This post used to recommend a now-defunct Android app called “Ad Block” that turned your phone into its own proxy server. The app is gone, the Play Store link is dead, and the proxy-based approach has been superseded several times over. Mobile ad blocking is genuinely easier now than it was a decade ago — here’s what actually works today.
The four approaches, and which one fits you
Every working option boils down to one of these four:
- A browser that blocks ads natively. Easiest. Install the browser, you’re done.
- A regular browser plus a content-blocker extension. Familiar if you do this on desktop.
- A DNS-based blocker that works system-wide — every app, not just browsers.
- Network-level blocking (Pi-hole on your home router). Best in your living room, irrelevant on cellular.
Most people end up with a combination — a content-blocking browser for everyday use, plus a DNS blocker for everything else.
On Android
Browsers with built-in blocking. The simplest path:
- Brave — Chromium-based, blocks ads and trackers by default, no setup. The most “it just works” option for someone who’s never thought about this before.
- Vivaldi — also Chromium-based, blocking is on by default with a more granular control panel.
- Cromite (formerly Bromite) — a privacy-hardened Chromium fork with built-in adblocking. Niche, but well-regarded by people who care about this stuff.

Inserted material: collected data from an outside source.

(* For every $P$-point ultrafilter $U$ on $\omega$, the space $S_\omega$ is $U$-selective: for every lower semicontinuous $\varphi:Y_U\rightarrow\mathcal{F}(S_\omega)$ there is a continuous $s:Y_U\rightarrow S_\omega$ with $s(y)\in\varphi(y)$ for all $y\in Y_U$.
   Context: $\mathcal{F}(X)$ denotes the set of nonempty closed subsets of a space $X$; a map $\varphi:Y\rightarrow\mathcal{F}(X)$ is lower semicontinuous if for every open $W\subseteq X$ the set $\{y:\varphi(y)\cap W\neq\emptyset\}$ is open in $Y$. For a filter $F$ on $\omega$, $Y_F$ is the space on $\omega\cup\{\infty\}$ with points of $\omega$ isolated and neighborhoods of $\infty$ the sets $A\cup\{\infty\}$, $A\in F$. An ultrafilter $U$ on $\omega$ is a $P$-point if every function $\omega\rightarrow\omega$ is either constant or finite-to-one on some set in $U$. $S_\omega$ is the space on $(\omega\times\omega)\cup\{\infty\}$ in which points of $\omega\times\omega$ are isolated and a set containing $\infty$ is a neighborhood of $\infty$ iff it contains all but finitely many points of each spine $\{m\}\times\omega$; equivalently, a neighborhood base at $\infty$ is given by the sets $W_f=\{\infty\}\cup\{(m,n):n>f(m)\}$ for $f\in{}^\omega\omega$. *)

theory Defs
  imports "HOL-Analysis.Analysis"
begin

definition is_filter_on_nat :: "nat set set \<Rightarrow> bool" where
  "is_filter_on_nat F \<longleftrightarrow> UNIV \<in> F \<and> {} \<notin> F \<and>
     (\<forall>A B. A \<in> F \<longrightarrow> A \<subseteq> B \<longrightarrow> B \<in> F) \<and>
     (\<forall>A B. A \<in> F \<longrightarrow> B \<in> F \<longrightarrow> A \<inter> B \<in> F)"

definition is_ultrafilter_on_nat :: "nat set set \<Rightarrow> bool" where
  "is_ultrafilter_on_nat U \<longleftrightarrow> is_filter_on_nat U \<and> (\<forall>A. A \<in> U \<or> - A \<in> U)"

definition P_point :: "nat set set \<Rightarrow> bool" where
  "P_point U \<longleftrightarrow> is_ultrafilter_on_nat U \<and>
     (\<forall>f :: nat \<Rightarrow> nat. \<exists>A\<in>U. (\<exists>c. \<forall>n\<in>A. f n = c) \<or> (\<forall>k. finite {n\<in>A. f n = k}))"

text \<open>The space Y_F on omega plus a point infinity (encoded as None): points Some n are
  isolated, neighbourhoods of None are the sets A \<union> {None} with A \<in> F.\<close>
definition Y_space :: "nat set set \<Rightarrow> nat option topology" where
  "Y_space F = topology (\<lambda>S. None \<in> S \<longrightarrow> {n. Some n \<in> S} \<in> F)"

text \<open>The sequential fan S_omega on omega \<times> omega plus infinity (encoded as None):
  points Some (m,n) isolated; a set containing None is open iff it contains all but
  finitely many points of each spine {m} \<times> omega.\<close>
definition S_omega :: "(nat \<times> nat) option topology" where
  "S_omega = topology (\<lambda>S. None \<in> S \<longrightarrow> (\<forall>m. finite {n. Some (m, n) \<notin> S}))"

definition lsc_closed_valued :: "'a topology \<Rightarrow> 'b topology \<Rightarrow> ('a \<Rightarrow> 'b set) \<Rightarrow> bool" where
  "lsc_closed_valued Y X \<phi> \<longleftrightarrow>
     (\<forall>y\<in>topspace Y. closedin X (\<phi> y) \<and> \<phi> y \<noteq> {}) \<and>
     (\<forall>W. openin X W \<longrightarrow> openin Y {y \<in> topspace Y. \<phi> y \<inter> W \<noteq> {}})"

lemma istopology_Y_space:
  assumes "is_filter_on_nat F"
  shows "istopology (\<lambda>S. None \<in> S \<longrightarrow> {n. Some n \<in> S} \<in> F)"
proof -
  have up: "\<And>A B. A \<in> F \<Longrightarrow> A \<subseteq> B \<Longrightarrow> B \<in> F" and int: "\<And>A B. A \<in> F \<Longrightarrow> B \<in> F \<Longrightarrow> A \<inter> B \<in> F"
    using assms unfolding is_filter_on_nat_def by blast+
  show ?thesis unfolding istopology_def
  proof (intro conjI allI impI)
    fix S T assume S: "None \<in> S \<longrightarrow> {n. Some n \<in> S} \<in> F" and T: "None \<in> T \<longrightarrow> {n. Some n \<in> T} \<in> F"
      and "None \<in> S \<inter> T"
    then have "{n. Some n \<in> S} \<inter> {n. Some n \<in> T} \<in> F" using int by blast
    moreover have "{n. Some n \<in> S} \<inter> {n. Some n \<in> T} = {n. Some n \<in> S \<inter> T}" by auto
    ultimately show "{n. Some n \<in> S \<inter> T} \<in> F" by simp
  next
    fix K assume K: "\<forall>S\<in>K. None \<in> S \<longrightarrow> {n. Some n \<in> S} \<in> F" and "None \<in> \<Union>K"
    then obtain S where "S \<in> K" "None \<in> S" by blast
    then have "{n. Some n \<in> S} \<in> F" using K by blast
    then show "{n. Some n \<in> \<Union>K} \<in> F" by (rule up) (use \<open>S \<in> K\<close> in auto)
  qed
qed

- Mull — a Firefox-based browser with privacy patches and uBlock Origin pre-configured. F-Droid only, not Play Store.
Firefox for Android with extensions. Firefox is the only major mobile browser on Android that supports a real desktop-style extension system, and that’s a big deal. You can install:
- uBlock Origin — the gold-standard content blocker. Free, open-source, no “acceptable ads” program. This is the one I’d recommend.
- AdBlock Plus — works fine but ships with an “acceptable ads” allowlist enabled by default; you can disable it in settings if you want. The original AdBlock that this post used to recommend by name.
- Ghostery — focused more on tracker blocking than ad blocking, with a nicer UI for seeing what each page is trying to load.
Open Firefox for Android, tap the menu, choose “Add-ons,” and install the one you want.
System-wide DNS blocking. The trick that works for every app on your phone — not just browsers — is to point your DNS at a service that returns NXDOMAIN for known ad/tracker hosts. No root required, no proxy, no app permissions to worry about:
- NextDNS — a configurable DNS service with a generous free tier. You enable it once via Android’s Private DNS setting (Settings → Network & internet → Private DNS) and pick which blocklists to apply.
- AdGuard DNS — similar idea, also free for personal use.
- AdGuard for Android (the standalone app, not the DNS service) does this plus content filtering. Note: not in Play Store because Google’s policies forbid system-wide ad blockers; install via the AdGuard website.
DNS-based blocking is the closest spiritual successor to the proxy trick from this post’s original incarnation — same idea (intercept network requests before they fetch ads), better implementation (kernel-level, supports HTTPS, no app to babysit).
On iOS
iOS is more constrained, because Apple’s WebKit policy means every browser on iOS is just a Safari skin with branding. Firefox on iOS doesn’t run Gecko; Chrome doesn’t run Blink. Real desktop-style extensions don’t exist there. So the techniques are different:
- Safari content blockers. Apple has a first-party API for this. Install 1Blocker, AdGuard for Safari, or Wipr from the App Store, then enable it in Settings → Safari → Extensions. These work in Safari only.
- Brave on iOS — still WebKit under the hood, but Brave’s built-in shields work because they’re applied via Apple’s content-blocker API, same plumbing as the standalone blockers.
- System-wide DNS blocking works exactly like on Android: Settings → General → VPN & Device Management → DNS, or install the NextDNS/AdGuard configuration profile. Same NXDOMAIN trick, blocks across all apps.
Firefox for iOS does not support uBlock Origin or any other extension in the desktop sense. If you came here looking for that specifically, the answer is “not possible on iOS — use a Safari content blocker plus a DNS blocker.”
What I’d actually do
If I were setting up a phone from scratch and wanted no ads with minimum fuss:
- Android: Install Brave for casual browsing, Firefox + uBlock Origin for anything where you want fine control, and configure NextDNS or AdGuard DNS as Private DNS for system-wide coverage of in-app ads.
- iOS: Install AdGuard for Safari (or Wipr if you want something simpler), and add the NextDNS configuration profile.
The setup is reversible and free, and you’ll save a meaningful chunk of mobile data along the way. 🎉
Two notes worth knowing. Some sites detect ad blockers and refuse to load — that’s between you and the publisher, but most blockers have a one-tap “disable on this site” button for the rare cases where you decide it’s worth it. And remember that if you’re paying for a service (a subscription, a one-time purchase), you’re often the customer and not the product; the case for blocking ads on those sites is weaker, and many will let you disable ads in settings if you ask.